On 22 April 2013 Council of the European Union adopted a Directive on Alternative Dispute Resolution (ADR) and a Regulation on Online Dispute Resolution (ODR) for (cross-border) consumer contracts. Building on two proposals of the European Commission of November 2011 the two instruments are meant to improve the cross-border enforcement of consumer rights. The official press release reads as follows (footnotes omitted):
The Council today adopted a directive on Alternative Dispute Resolution (ADR) and a regulation on Online Dispute Resolution (ODR) (PE-COS 79/12 and PE-COS 80/12). The new system, which is part of the “Single Market Act” package, will provide for simple, fast and low-cost out-of-court settlement procedures designed to resolve disputes between consumers and traders arising from the sales of goods and services. It will ensure the establishment of ADR schemes where none exist today. These will fill current gaps in coverage and ensure that consumers are able to take their disputes to an ADR. In addition, it establishes a common framework for ADR in the EU member states by setting out common minimum quality principles in order to ensure that all ADR entities are impartial, transparent and efficient. Existing national ADR schemes should be able to continue to operate within the new framework. The ADR system will be supplemented by an ODR mechanism involving the setting up of a European online dispute resolution platform (this will be an interactive website free of charge in all languages of the Union2).
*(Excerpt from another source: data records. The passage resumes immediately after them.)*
lemma simple_closed_walk_distinct_edges:
  assumes w: "walk E vs es" and closed: "hd vs = last vs" and long: "length es \<ge> 3"
    and simple: "\<And>i j. i < j \<Longrightarrow> j < length es \<Longrightarrow> vs ! i \<noteq> vs ! j"
  shows "distinct es"
proof -
  let ?k = "length es"
  have inj: "i = j" if "i < ?k" "j < ?k" "vs ! i = vs ! j" for i j
    using simple[of i j] simple[of j i] that by (cases i j rule: linorder_cases) auto
  have closed': "vs ! 0 = vs ! ?k"
    using closed walk_hd_last[OF w] by simp
  have "0 < ?k"
    using long by linarith
  have "es ! a \<noteq> es ! b" if ab: "a < b" "b < ?k" for a b
  proof
    assume "es ! a = es ! b"
    then have "{vs ! a, vs ! Suc a} = {vs ! b, vs ! Suc b}"
      using w ab unfolding walk_def by (metis less_trans)
    moreover have "vs ! a \<noteq> vs ! b"
      using inj[of a b] ab by auto
    ultimately have cross: "vs ! a = vs ! Suc b" "vs ! Suc a = vs ! b"
      by (auto simp: doubleton_eq_iff)
    \<comment> \<open>two steps of a simple closed walk can only share their ends if the walk has length 2\<close>
    have "Suc b = ?k"
      using inj[of a "Suc b"] cross(1) ab by (cases "Suc b < ?k") auto
    then have "a = 0"
      using inj[of a 0] cross(1) closed' ab \<open>0 < ?k\<close> by simp
    then have "b = 1"
      using inj[of 1 b] cross(2) ab long by simp
    then show False
      using \<open>Suc b = ?k\<close> long by simp
  qed
  then show ?thesis
    unfolding distinct_conv_nth by (metis linorder_neqE_nat)
qed

lemma simple_closed_walk_is_cycle:
  assumes w: "walk E vs es" and closed: "hd vs = last vs" and long: "length es \<ge> 3"
    and simple: "\<And>i j. i < j \<Longrightarrow> j < length es \<Longrightarrow> vs ! i \<noteq> vs ! j"
  shows "is_cycle E (butlast vs) es"
proof -
  define k where "k = length es"
  have len: "length (butlast vs) = k"
    using walk_length[OF w] k_def by simp
  have nth_butlast': "butlast vs ! i = vs ! i" if "i < k" for i
    using that walk_length[OF w] k_def by (simp add: nth_butlast)
  have closed': "vs ! 0 = vs ! k"
    using closed walk_hd_last[OF w] k_def by simp
  have edge: "es ! i < length E \<and> ends E (es ! i) = {vs ! i, vs ! Suc i}" if "i < k" for i
    using w that unfolding walk_def k_def by auto
  show ?thesis
    unfolding is_cycle_def
  proof (intro conjI allI impI)
    show "3 \<le> length (butlast vs)" "length es = length (butlast vs)"
      using long len k_def by simp_all
    show "distinct (butlast vs)"
      unfolding distinct_conv_nth len using simple nth_butlast' k_def by (metis linorder_neqE_nat)
    show "distinct es"
      using simple_closed_walk_distinct_edges[OF w closed long simple] .
  next
    fix i assume i: "i < length (butlast vs)"
    have "butlast vs ! ((i + 1) mod length (butlast vs)) = vs ! Suc i"
    proof (cases "Suc i < k")
      case True
      then show ?thesis
        using len nth_butlast' by simp
    next
      case False
      then have "Suc i = k"
        using i len by simp
      moreover have "0 < k"
        using long k_def by linarith
      ultimately show ?thesis
        using len closed' nth_butlast'[of 0] by simp
    qed
    then show "es ! i < length E"
      "ends E (es ! i) = {butlast vs ! i, butlast vs ! ((i + 1) mod length (butlast vs))}"
      using edge[of i] i len nth_butlast' by auto
  qed
qed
As a general rule, the outcome of an ADR procedure should be made available within a period of three months from the date on which the ADR entity has received the complaint file. ADR schemes, also known as “out-of-court mechanisms”, already exist in many countries to help consumers involved in disputes which they have been unable to resolve directly with the trader. They have been developed differently across the EU and the status of the decisions adopted by these bodies differs greatly. The new directive will apply to domestic and cross-border disputes submitted by consumers against traders in almost all areas of commercial activity across the EU, including to online transactions, which is particularly important when consumers shop across borders. Member states will have two years to incorporate the new provisions into their national legislation.